We set up eight benchmarks covering different workload profiles. Iterative Fibonacci (50 million iterations, 3 phi variables), running sum (100 million, 2 phi variables), repeated multiply-by-3 (100 million), factorial (100 million), Euclidean GCD (10 million function calls with mod and phi), Collatz sequence (200,000 function calls with div, mod, and branches), nested loops (8000 by 8000, 64 million iterations), and XOR+AND accumulation (100 million). Each was scaled to produce 100 to 250 millisecond baseline times on Apple Silicon so the measurements would be meaningful. Every benchmark ends with a mod 256 and returns the result as the exit code, so correctness is verifiable.

The baseline is Stage 1's naive compiler. The optimized version is Stage 2 after Claude has worked through its optimization passes.

What Claude did

The optimization work happened in seven passes, and the order and priority decisions are part of what makes this interesting.

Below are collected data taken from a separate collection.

(* Let $n\ge 2$, $r>0$, $f\in C(I_n)$ where $I_n=\{\bm{x}\in\mathbb{R}^n: |x_i|\le r,\ i=1,\dots,n\}$, and let $h^f_*\in\mathcal{H}_-(I_n,f)$. Assume that $f-h^f_*=0$ on $D_n$. Then $h^f_*$ is a best one-sided $L^1$-approximant from below to $f$ with respect to $\mathcal{H}(I_n)$, i.e. $\|f-h^f_*\|_1\le\|f-h\|_1$ for every $h\in\mathcal{H}_-(I_n,f)$.
   Context: $\mathcal{H}(I_n)$ is the space of functions harmonic ($C^2$ with vanishing Laplacian) in some domain containing $I_n$; $\mathcal{H}_-(I_n,f)=\{h\in\mathcal{H}(I_n): h\le f \text{ on } I_n\}$; $\|g\|_1=\int_{I_n}|g|\,d\lambda_n$ with $\lambda_n$ Lebesgue measure. For $1\le i<j\le n$, $D^{ij}_n=\{\bm{x}\in I_n : |x_k|\le |x_i|=|x_j| \text{ for all } k\ne i,j\}$, and $D_n=\bigcup_{1\le i<j\le n}D^{ij}_n$. *)

theory Defs
  imports "HOL-Analysis.Analysis"
begin

definition cube :: "real \<Rightarrow> (real^'n) set" where
  "cube r = {x. \<forall>i. \<bar>x $ i\<bar> \<le> r}"

definition harmonic_on :: "(real^'n) set \<Rightarrow> (real^'n \<Rightarrow> real) \<Rightarrow> bool" where
  "harmonic_on U h \<longleftrightarrow> open U \<and>
     (\<exists>Dh :: real^'n \<Rightarrow> ((real^'n) \<Rightarrow>\<^sub>L real).
      \<exists>D2h :: real^'n \<Rightarrow> ((real^'n) \<Rightarrow>\<^sub>L ((real^'n) \<Rightarrow>\<^sub>L real)).
        (\<forall>x\<in>U. (h has_derivative blinfun_apply (Dh x)) (at x)) \<and>
        (\<forall>x\<in>U. (Dh has_derivative blinfun_apply (D2h x)) (at x)) \<and>
        continuous_on U D2h \<and>
        (\<forall>x\<in>U. (\<Sum>i\<in>UNIV. blinfun_apply (blinfun_apply (D2h x) (axis i 1)) (axis i 1)) = 0))"

definition harmonic_near :: "(real^'n) set \<Rightarrow> (real^'n \<Rightarrow> real) set" where
  "harmonic_near K = {h. \<exists>U. K \<subseteq> U \<and> harmonic_on U h}"

definition harmonic_below :: "(real^'n) set \<Rightarrow> (real^'n \<Rightarrow> real) \<Rightarrow> (real^'n \<Rightarrow> real) set" where
  "harmonic_below K f = {h \<in> harmonic_near K. \<forall>x\<in>K. h x \<le> f x}"

definition L1norm :: "(real^'n) set \<Rightarrow> (real^'n \<Rightarrow> real) \<Rightarrow> real" where
  "L1norm K g = integral\<^sup>L (lebesgue_on K) (\<lambda>x. \<bar>g x\<bar>)"

definition diag_set :: "real \<Rightarrow> (real^'n) set" where
  "diag_set r = (\<Union>i. \<Union>j\<in>UNIV - {i}.
      {x \<in> cube r. \<bar>x $ i\<bar> = \<bar>x $ j\<bar> \<and> (\<forall>k. k \<noteq> i \<and> k \<noteq> j \<longrightarrow> \<bar>x $ k\<bar> \<le> \<bar>x $ i\<bar>)})"

end

theory Submission
  imports Defs
begin

text \<open>Put g = h - h*, which is harmonic near I_n and, since h \<le> f = h* on D_n, satisfies
  g \<le> 0 on D_n. As \<parallel>f - h\<parallel>_1 = \<parallel>f - h*\<parallel>_1 - \<integral> g, it suffices to show \<integral> g \<le> 0 over I_n.
  Outside D_n the cube is covered by the disjoint double pyramids
  P_k = {x. |x_j| < |x_k| for j \<noteq> k}. With the weight W(x) = (r - \<parallel>x\<parallel>_\<infinity>)^2/2 and \<Delta>g = 0,
  the indicator of I_n times g is bounded by \<Sum>_k 1_{I_n} (1_{P_k} g - W \<partial>_k^2 g).
  On a line in direction e_k through the cube, with m the largest |x_j| for j \<noteq> k, the weight is
  (r - max |t| m)^2/2, and two integrations by parts turn the integral of the k-th summand into
  (r - m)(g(m) + g(-m)), which is \<le> 0 because the points t = \<plusminus>m lie in D_n.
  Fubini along the k-th coordinate finishes the argument.\<close>

lemma has_integral_real_derivative:
  fixes F f :: "real \<Rightarrow> real"
  assumes "a \<le> b" and "\<And>t. t \<in> {a..b} \<Longrightarrow> (F has_real_derivative f t) (at t)"
  shows "(f has_integral (F b - F a)) {a..b}"
  using assms by (intro fundamental_theorem_of_calculus)
    (auto simp: has_real_derivative_iff_has_vector_derivative[symmetric] intro: has_field_derivative_at_within)

lemma has_integral_plateau_weight:
  fixes u v w :: "real \<Rightarrow> real"
  assumes "0 \<le> m" "m \<le> r"
    and u': "\<And>t. t \<in> {-r..r} \<Longrightarrow> (u has_real_derivative v t) (at t)"
    and v': "\<And>t. t \<in> {-r..r} \<Longrightarrow> (v has_real_derivative w t) (at t)"
  shows "((\<lambda>t. (if m < \<bar>t\<bar> then u t else 0) - (r - max \<bar>t\<bar> m)^2/2 * w t)
          has_integral (r - m) * (u m + u (-m))) {-r..r}"
proof -
  let ?H = "\<lambda>t. (if m < \<bar>t\<bar> then u t else 0) - (r - max \<bar>t\<bar> m)^2/2 * w t"
  define R where "R t = (t - r) * u t - (r - t)^2/2 * v t" for t
  define L where "L t = (t + r) * u t - (r + t)^2/2 * v t" for t
  define M where "M t = - ((r - m)^2/2) * v t" for t
  have "((\<lambda>t. u t - (r - t)^2/2 * w t) has_integral (R r - R m)) {m..r}"
  proof (rule has_integral_real_derivative)
    fix t assume "t \<in> {m..r}"
    then have t: "t \<in> {-r..r}" using assms(1) by auto
    show "(R has_real_derivative (u t - (r - t)^2/2 * w t)) (at t)"
      unfolding R_def
      by (rule derivative_eq_intros u'[OF t] v'[OF t] refl | simp)+ (simp add: power2_eq_square field_simps)
  qed (fact assms(2))
  then have right: "(?H has_integral (R r - R m)) {m..r}"
    by (rule has_integral_spike_finite[of "{m}", rotated 2]) (use assms(1) in auto)
  have "((\<lambda>t. u t - (r + t)^2/2 * w t) has_integral (L (-m) - L (-r))) {-r..-m}"
  proof (rule has_integral_real_derivative)
    fix t assume "t \<in> {-r..-m}"
    then have t: "t \<in> {-r..r}" using assms(1) by auto
    show "(L has_real_derivative (u t - (r + t)^2/2 * w t)) (at t)"
      unfolding L_def
      by (rule derivative_eq_intros u'[OF t] v'[OF t] refl | simp)+ (simp add: power2_eq_square field_simps)
  qed (use assms(2) in simp)
  then have left: "(?H has_integral (L (-m) - L (-r))) {-r..-m}"
    by (rule has_integral_spike_finite[of "{-m}", rotated 2]) (use assms(1) in auto)
  have "((\<lambda>t. - ((r - m)^2/2) * w t) has_integral (M m - M (-m))) {-m..m}"
  proof (rule has_integral_real_derivative)
    fix t assume "t \<in> {-m..m}"
    then have t: "t \<in> {-r..r}" using assms(2) by auto
    show "(M has_real_derivative (- ((r - m)^2/2) * w t)) (at t)"
      unfolding M_def by (rule derivative_eq_intros v'[OF t] refl | simp)+
  qed (use assms(1) in simp)
  then have middle: "(?H has_integral (M m - M (-m))) {-m..m}"
    by (rule has_integral_spike_finite[of "{}", rotated 2]) auto
  have "(?H has_integral (L (-m) - L (-r) + (M m - M (-m)) + (R r - R m))) {-r..r}"
    using assms
    by (intro has_integral_combine[OF _ _ has_integral_combine[OF _ _ left middle] right]) auto
  moreover have "L (-m) - L (-r) + (M m - M (-m)) + (R r - R m) = (r - m) * (u m + u (-m))"
    unfolding R_def L_def M_def by (simp add: algebra_simps power2_eq_square)
  ultimately show ?thesis by simp
qed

The first and largest pass was linear scan register allocation. The implementation computes live intervals via iterative dataflow analysis, computing gen/kill sets per block, propagating live-in/live-out sets to a fixed point, then deriving the start and end sequence numbers for each virtual register from the combined liveness information. It sorts intervals by start point, then greedily assigns physical registers from two pools: callee-saved (x19-x28, ten registers) for values live across function calls, and caller-saved scratch (x9-x15, seven registers) for short-lived values. When both pools run out, it spills to the stack frame with explicit load/store pairs at spill points.

This single pass accounts for about 2.2x of the total speedup. The Fibonacci inner loop went from 22 instructions to 8. In the baseline, over 80% of instructions were loads and stores shuffling values between the stack and scratch registers. After register allocation, the inner loop runs entirely in registers. The fact that Claude went for this first tells you something about how it prioritizes: it looked at the generated assembly, saw that stack traffic was the dominant cost, and attacked it directly.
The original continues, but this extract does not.